It was reported that Bu selectively induces cellular senescence but not apoptosis in WI38 fibroblasts [22]. We sought to determine if Bu-resistant cells exposed to Bu might undergo accelerated senescence. However, analysis of expression of senescence-associated p14ARF and staining for β-galactosidase did not show any difference between untreated and treated (180 µg/ml Bu) Bu-resistant cells.

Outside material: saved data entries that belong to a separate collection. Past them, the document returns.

lemma finite_Hn_net:
  assumes "0 < n" "0 < e"
  obtains G where "finite G" "G \<subseteq> Kspace X" "\<And>B. B \<in> Kspace X \<Longrightarrow> \<exists>C\<in>G. Hn f X n B C \<le> e"
proof -
  obtain F where F: "finite F" "F \<subseteq> X" "\<And>x. x \<in> X \<Longrightarrow> \<exists>p\<in>F. dn f n x p < e"
    using dn_finite_net[OF assms] by blast
  show thesis
  proof (rule that[of "Pow F - {{}}"])
    show "finite (Pow F - {{}})" using F(1) by simp
    show "Pow F - {{}} \<subseteq> Kspace X"
      using F(1,2) by (auto simp: Kspace_def intro: finite_imp_closed finite_subset)
  next
    fix B assume "B \<in> Kspace X"
    then have B: "B \<subseteq> X" "B \<noteq> {}" by (auto simp: Kspace_def)
    define C where "C = {p \<in> F. \<exists>b\<in>B. dn f n b p < e}"
    have "C \<in> Pow F - {{}}" using F(3) B unfolding C_def by blast
    moreover have "Hn f X n B C \<le> e"
    proof (rule Hn_le[OF \<open>0 < e\<close>])
      show "B \<subseteq> nbhd f X n e C"
      proof
        fix b assume "b \<in> B"
        then obtain p where "p \<in> F" "dn f n b p < e" using F(3) B(1) by blast
        then show "b \<in> nbhd f X n e C"
          using \<open>b \<in> B\<close> B(1) by (intro mem_nbhdI[OF \<open>0 < n\<close>]) (auto simp: C_def)
      qed
      show "C \<subseteq> nbhd f X n e B"
      proof
        fix p assume "p \<in> C"
        then obtain b where "b \<in> B" "dn f n p b < e" unfolding C_def by (auto simp: dn_commute)
        then show "p \<in> nbhd f X n e B"
          using \<open>p \<in> C\<close> F(2) by (intro mem_nbhdI[OF \<open>0 < n\<close>]) (auto simp: C_def)
      qed
    qed
    ultimately show "\<exists>C\<in>Pow F - {{}}. Hn f X n B C \<le> e" by blast
  qed
qed

lemma NK_attained:
  assumes "0 < n" "0 < e" "\<Z> \<subseteq> Kspace X"
  obtains G where "finite G" "G \<subseteq> Kspace X" "\<forall>B\<in>\<Z>. \<exists>C\<in>G. Hn f X n B C \<le> e"
    "card G = NK f X \<Z> n e"
proof -
  let ?N = "{card \<G> | \<G>. finite \<G> \<and> \<G> \<subseteq> Kspace X \<and> (\<forall>B\<in>\<Z>. \<exists>C\<in>\<G>. Hn f X n B C \<le> e)}"
  obtain G where "finite G" "G \<subseteq> Kspace X" "\<And>B. B \<in> Kspace X \<Longrightarrow> \<exists>C\<in>G. Hn f X n B C \<le> e"
    using finite_Hn_net[OF assms(1,2)] by blast
  then have "?N \<noteq> {}" using assms(3) by blast
  then have "Inf ?N \<in> ?N" by (rule Inf_nat_def1)
  then show thesis using that unfolding NK_def by auto
qed

lemma NK_antimono:
  assumes "0 < n" "0 < e" "e \<le> e'" "\<Z> \<subseteq> Kspace X"
  shows "NK f X \<Z> n e' \<le> NK f X \<Z> n e"
proof -
  obtain G where G: "finite G" "G \<subseteq> Kspace X" "\<forall>B\<in>\<Z>. \<exists>C\<in>G. Hn f X n B C \<le> e"
    "card G = NK f X \<Z> n e"
    by (rule NK_attained[OF assms(1,2,4)])
  then have "\<forall>B\<in>\<Z>. \<exists>C\<in>G. Hn f X n B C \<le> e'" using assms(3) by force
  then have "NK f X \<Z> n e' \<le> card G" unfolding NK_def using G(1,2) by (intro cInf_lower) auto
  then show ?thesis using G(4) by simp
qed

text \<open>Distinct members of an (n,e)-split family have points (n,e/2)-close to distinct points
  of an (n,e/2)-net.\<close>
lemma card_split_family_bounded:
  assumes "0 < n" "0 < e"
  obtains K where "\<And>S. S \<subseteq> Kspace X \<Longrightarrow> pairwise (split_sets f n e) S \<Longrightarrow> card S \<le> K"
proof -
  obtain F where F: "finite F" "F \<subseteq> X" "\<And>x. x \<in> X \<Longrightarrow> \<exists>p\<in>F. dn f n x p < e / 2"
    using dn_finite_net[OF assms(1), of "e / 2"] assms(2) by auto
  have "card S \<le> card F" if S: "S \<subseteq> Kspace X" "pairwise (split_sets f n e) S" for S
  proof -
    have "\<forall>B\<in>S. \<exists>p\<in>F. \<exists>b\<in>B. dn f n b p < e / 2"
      using S(1) F(3) by (fastforce simp: Kspace_def)
    then obtain p where p: "\<And>B. B \<in> S \<Longrightarrow> p B \<in> F \<and> (\<exists>b\<in>B. dn f n b (p B) < e / 2)"
      by metis
    have "inj_on p S"
    proof (rule inj_onI, rule ccontr)
      fix B C assume "B \<in> S" "C \<in> S" "p B = p C" "B \<noteq> C"
      then obtain b c where "b \<in> B" "c \<in> C" "dn f n b (p B) < e / 2" "dn f n c (p B) < e / 2"
        using p by metis
      have "split_sets f n e B C" using S(2) \<open>B \<in> S\<close> \<open>C \<in> S\<close> \<open>B \<noteq> C\<close> by (rule pairwiseD)
      then have "e < dn f n b c" using \<open>b \<in> B\<close> \<open>c \<in> C\<close> by (rule split_sets_dn_less[OF assms(1)])
      moreover have "dn f n b c \<le> dn f n b (p B) + dn f n (p B) c" by (rule dn_triangle[OF assms(1)])
      ultimately show False
        using \<open>dn f n b (p B) < e / 2\<close> \<open>dn f n c (p B) < e / 2\<close> dn_commute[of f n c "p B"] by linarith
    qed
    then show ?thesis using p F(1) by (intro card_inj_on_le) auto
  qed
  then show thesis by (rule that)
qed

lemma finite_split_family_cards:
  assumes "0 < n" "0 < e" "\<A> \<subseteq> Kspace X"
  shows "finite {card S | S. S \<subseteq> \<A> \<and> finite S \<and> pairwise (split_sets f n e) S}"
proof -
  obtain K where "\<And>S. S \<subseteq> Kspace X \<Longrightarrow> pairwise (split_sets f n e) S \<Longrightarrow> card S \<le> K"
    using card_split_family_bounded[OF assms(1,2)] by blast
  then have "{card S | S. S \<subseteq> \<A> \<and> finite S \<and> pairwise (split_sets f n e) S} \<subseteq> {..K}"
    using assms(3) by fastforce
  then show ?thesis by (rule finite_subset) simp
qed

lemma Bnum_attained:
  assumes "0 < n" "0 < e" "\<A> \<subseteq> Kspace X"
  obtains S where "S \<subseteq> \<A>" "finite S" "pairwise (split_sets f n e) S" "card S = Bnum f \<A> n e"
proof -
  let ?N = "{card S | S. S \<subseteq> \<A> \<and> finite S \<and> pairwise (split_sets f n e) S}"
  have "?N \<noteq> {}" by (auto intro!: exI[of _ "{}"])
  with finite_split_family_cards[OF assms] have "Max ?N \<in> ?N" by (rule Max_in)
  then obtain S where "S \<subseteq> \<A>" "finite S" "pairwise (split_sets f n e) S" "card S = Max ?N"
    by auto
  then show thesis by (intro that) (simp_all add: Bnum_eq_Max)
qed

lemma card_le_Bnum:
  assumes "0 < n" "0 < e" "\<A> \<subseteq> Kspace X"
    and "S \<subseteq> \<A>" "finite S" "pairwise (split_sets f n e) S"
  shows "card S \<le> Bnum f \<A> n e"
  unfolding Bnum_eq_Max using finite_split_family_cards[OF assms(1-3)]
  by (rule Max_ge) (use assms(4-6) in blast)

lemma Bnum_antimono:
  assumes "0 < n" "0 < e" "e \<le> e'" "\<A> \<subseteq> Kspace X"
  shows "Bnum f \<A> n e' \<le> Bnum f \<A> n e"
proof -
  obtain S where S: "S \<subseteq> \<A>" "finite S" "pairwise (split_sets f n e') S" "card S = Bnum f \<A> n e'"
    using Bnum_attained[OF assms(1) _ assms(4)] assms(2,3) by (metis order_less_le_trans)
  have "pairwise (split_sets f n e) S"
    using S(3) by (rule pairwise_mono) (use assms(3) in \<open>auto simp: split_sets_def\<close>)
  then show ?thesis using card_le_Bnum[OF assms(1,2,4) S(1,2)] S(4) by simp
qed

lemma subfamily_determined_by_approximant:
  assumes "0 < n" "0 < e" "S \<subseteq> Kspace X" "pairwise (split_sets f n (3 * e)) S"
    and "I \<subseteq> S" "J \<subseteq> S" "I \<noteq> {}" "J \<noteq> {}" "C \<in> Kspace X"
    and "Hn f X n (\<Union>I) C \<le> e" "Hn f X n (\<Union>J) C \<le> e"
  shows "I \<subseteq> J"
proof
  fix B assume "B \<in> I"
  have SX: "A \<subseteq> X" and SNE: "A \<noteq> {}" if "A \<in> S" for A
    using that assms(3) by (auto simp: Kspace_def)
  have CX: "C \<subseteq> X" "C \<noteq> {}" using assms(9) by (auto simp: Kspace_def)
  have unions_X: "\<Union>I \<subseteq> X" "\<Union>J \<subseteq> X" using SX assms(5,6) by blast+
  have unions_ne: "\<Union>I \<noteq> {}" "\<Union>J \<noteq> {}" using SNE assms(5-8) by blast+
  obtain x where "x \<in> B" using SNE \<open>B \<in> I\<close> assms(5) by blast
  then obtain y where "y \<in> \<Union>J" "dn f n x y < 3 * e"
    using Hn_common_approx[OF assms(1,2) unions_X CX(1) unions_ne CX(2) assms(10,11)] \<open>B \<in> I\<close>
    by blast
  then obtain B' where "B' \<in> J" "y \<in> B'" by blast
  have "B' = B"
  proof (rule ccontr)
    assume "B' \<noteq> B"
    then have "split_sets f n (3 * e) B B'"
      using assms(4-6) \<open>B \<in> I\<close> \<open>B' \<in> J\<close> by (auto intro: pairwiseD)
    then have "3 * e < dn f n x y" using \<open>x \<in> B\<close> \<open>y \<in> B'\<close> by (rule split_sets_dn_less[OF assms(1)])
    then show False using \<open>dn f n x y < 3 * e\<close> by simp
  qed
  then show "B \<in> J" using \<open>B' \<in> J\<close> by simp
qed

lemma card_split_family_le_NK:
  assumes "0 < n" "0 < e" "\<A> \<subseteq> Kspace X" "finite_union_property \<A>"
    and "S \<subseteq> \<A>" "finite S" "pairwise (split_sets f n (3 * e)) S"
  shows "2 ^ card S - 1 \<le> NK f X \<A> n e"
proof -
  obtain G where G: "finite G" "G \<subseteq> Kspace X" "\<forall>B\<in>\<A>. \<exists>C\<in>G. Hn f X n B C \<le> e"
    "card G = NK f X \<A> n e"
    by (rule NK_attained[OF assms(1-3)])
  let ?P = "Pow S - {{}}"
  have "\<Union>I \<in> \<A>" if "I \<in> ?P" for I
    using that assms(5,6) by (intro finite_union_property_Union[OF assms(4)]) (auto intro: finite_subset)
  then have "\<forall>I\<in>?P. \<exists>C\<in>G. Hn f X n (\<Union>I) C \<le> e" using G(3) by blast
  then obtain c where c: "\<And>I. I \<in> ?P \<Longrightarrow> c I \<in> G \<and> Hn f X n (\<Union>I) (c I) \<le> e"
    by metis
  have "inj_on c ?P"
  proof (rule inj_onI)
    fix I J assume IJ: "I \<in> ?P" "J \<in> ?P" "c I = c J"
    have "S \<subseteq> Kspace X" using assms(3,5) by blast
    moreover have "c I \<in> Kspace X" using c[OF IJ(1)] G(2) by blast
    moreover have "Hn f X n (\<Union>I) (c I) \<le> e" "Hn f X n (\<Union>J) (c I) \<le> e"
      using c[OF IJ(1)] c[OF IJ(2)] IJ(3) by simp_all
    moreover have "I \<subseteq> S" "J \<subseteq> S" "I \<noteq> {}" "J \<noteq> {}" using IJ(1,2) by auto
    ultimately show "I = J"
      using subfamily_determined_by_approximant[OF assms(1,2) _ assms(7)] by (meson subset_antisym)
  qed
  then have "card ?P \<le> card G" by (rule card_inj_on_le) (use c G(1) in auto)
  then show ?thesis using G(4) assms(6) by (simp add: card_Diff_singleton card_Pow)
qed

Abrogation of caspase activation by the inhibitor Z-VAD-FMK

The role of caspases in Bu-mediated apoptosis in the two cell-line models was confirmed using the inhibitor Z-VAD-FMK. Figure 2B shows significant inhibition of caspase-mediated PARP1 cleavage in cells pre-treated with 40 µM Z-VAD-FMK for 1 h, followed by a 1-h exposure to Bu, and a 48-h recovery in complete IMDM containing 40 µM Z-VAD-FMK. FACS analysis showed an approximately 50% reduction in Bu-induced apoptosis in the Z-VAD-FMK-exposed B5 cells (Figure 2C). The partial inhibition of apoptosis (Figure 2C) despite the almost complete abrogation of PARP1 cleavage (Figure 2B) suggests that caspase-independent pathways contribute to cell death.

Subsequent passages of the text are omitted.